Kirby and The Forgotten Land is a much-needed palette cleanser after the onslaught of open-world games in early 2022. HAL Laboratories has crafted a fun, albeit short, 3D experience for the pink puff. The story is not anything to write home about, but the gameplay is engaging. It introduces some new mechanics and never overstays its welcome. The visual stylings are charming and lovely. The performance is about what you would expect of a Nintendo Switch game, and the music is *chef’s kiss*. Float on over and dive into Kirby and The Forgotten Land!
New World, New Kirby
It is another beautiful day on Planet Popstar when a mysterious vortex opens, inhaling Kirby and seemingly everything else. Kirby awakens to find himself washed up on a beach in a post-apocalyptic land called the New World. Here, a group called the Beast Pack are kidnapping the Waddle Dee and imprisoning them in cages. Kirby frees a new ally named Elfilin, and together they set out to free the captured Waddle Dee and put an end to the Beast Pack’s reign of terror.

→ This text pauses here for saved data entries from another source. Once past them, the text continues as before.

text \<open>Each \<open>\<mu>\<^sub>x\<^sub>y\<close> is the even mixture of the product Gaussians centred at \<open>\<pm>(\<ell>, (-1)\<^sup>x\<^sup>y \<ell>)\<close>.
  Since the two means are antipodal, both marginals are \<open>(N(\<ell>,\<sigma>) + N(-\<ell>,\<sigma>))/2\<close>, whatever
  the other party's input, so the behaviour is no-signaling. Within each product component the
  moments factor, giving \<open>\<langle>A\<^sub>xB\<^sub>y\<rangle> = (-1)\<^sup>x\<^sup>y \<ell>\<^sup>2\<close> and \<open>\<langle>A\<^sub>x\<^sup>2B\<^sub>y\<^sup>2\<rangle> = (\<ell>\<^sup>2 + \<sigma>\<^sup>2)\<^sup>2\<close>. The left-hand
  side of the CFRD inequality is therefore \<open>(2\<ell>\<^sup>2)\<^sup>2 + (2\<ell>\<^sup>2)\<^sup>2 = 8\<ell>\<^sup>4\<close>, the right-hand side
  \<open>4(\<ell>\<^sup>2 + \<sigma>\<^sup>2)\<^sup>2\<close>, and \<open>\<ell>\<^sup>2 + \<sigma>\<^sup>2 < \<surd>2 \<ell>\<^sup>2\<close> is equivalent to \<open>(1 + \<surd>2) \<sigma>\<^sup>2 < \<ell>\<^sup>2\<close>.\<close>

lemma emeasure_density_average:
  fixes f g :: "'a \<Rightarrow> real"
  assumes [measurable]: "f \<in> borel_measurable M" "g \<in> borel_measurable M"
    and nonneg: "\<And>x. f x \<ge> 0" "\<And>x. g x \<ge> 0"
  shows "emeasure (density M (\<lambda>x. (f x + g x) / 2)) A
       = (emeasure (density M f) A + emeasure (density M g) A) / 2"
proof (cases "A \<in> sets M")
  case True
  have "ennreal ((f x + g x) / 2) * indicator A x
      = (ennreal (f x) * indicator A x + ennreal (g x) * indicator A x) / 2" for x
  proof -
    have "ennreal ((f x + g x) / 2) = (ennreal (f x) + ennreal (g x)) / 2"
      using nonneg[of x] by (simp add: divide_ennreal[symmetric] ennreal_plus)
    then show ?thesis
      by (simp add: divide_ennreal_def distrib_left distrib_right mult.commute mult.left_commute)
  qed
  with True show ?thesis
    by (simp add: emeasure_density nn_integral_divide nn_integral_add)
qed (simp add: emeasure_notin_sets)

lemma half_mix_density:
  fixes f g :: "'a \<Rightarrow> real"
  assumes "f \<in> borel_measurable M" "g \<in> borel_measurable M" "\<And>x. f x \<ge> 0" "\<And>x. g x \<ge> 0"
  shows "half_mix (density M f) (density M g) = density M (\<lambda>x. (f x + g x) / 2)"
proof -
  have "(\<lambda>A. (emeasure (density M f) A + emeasure (density M g) A) / 2)
      = emeasure (density M (\<lambda>x. (f x + g x) / 2))"
    using emeasure_density_average[OF assms] by auto
  then show ?thesis
    unfolding half_mix_def by (metis measure_of_of_measure space_density sets_density)
qed

lemma emeasure_half_mix_density:
  fixes f g :: "'a \<Rightarrow> real"
  assumes "f \<in> borel_measurable M" "g \<in> borel_measurable M" "\<And>x. f x \<ge> 0" "\<And>x. g x \<ge> 0"
  shows "emeasure (half_mix (density M f) (density M g)) A
       = (emeasure (density M f) A + emeasure (density M g) A) / 2"
  unfolding half_mix_density[OF assms] by (rule emeasure_density_average[OF assms])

I found the story serviceable in regards to establishing the setting and plot, but it lacks depth. The characters are charming and their motives are surface-level, but I never expected Kirby and The Forgotten Land to blow me away with its narrative. To be honest, I was uninterested in the narrative until the very end, but that is hardly a revelation considering the type of game this is.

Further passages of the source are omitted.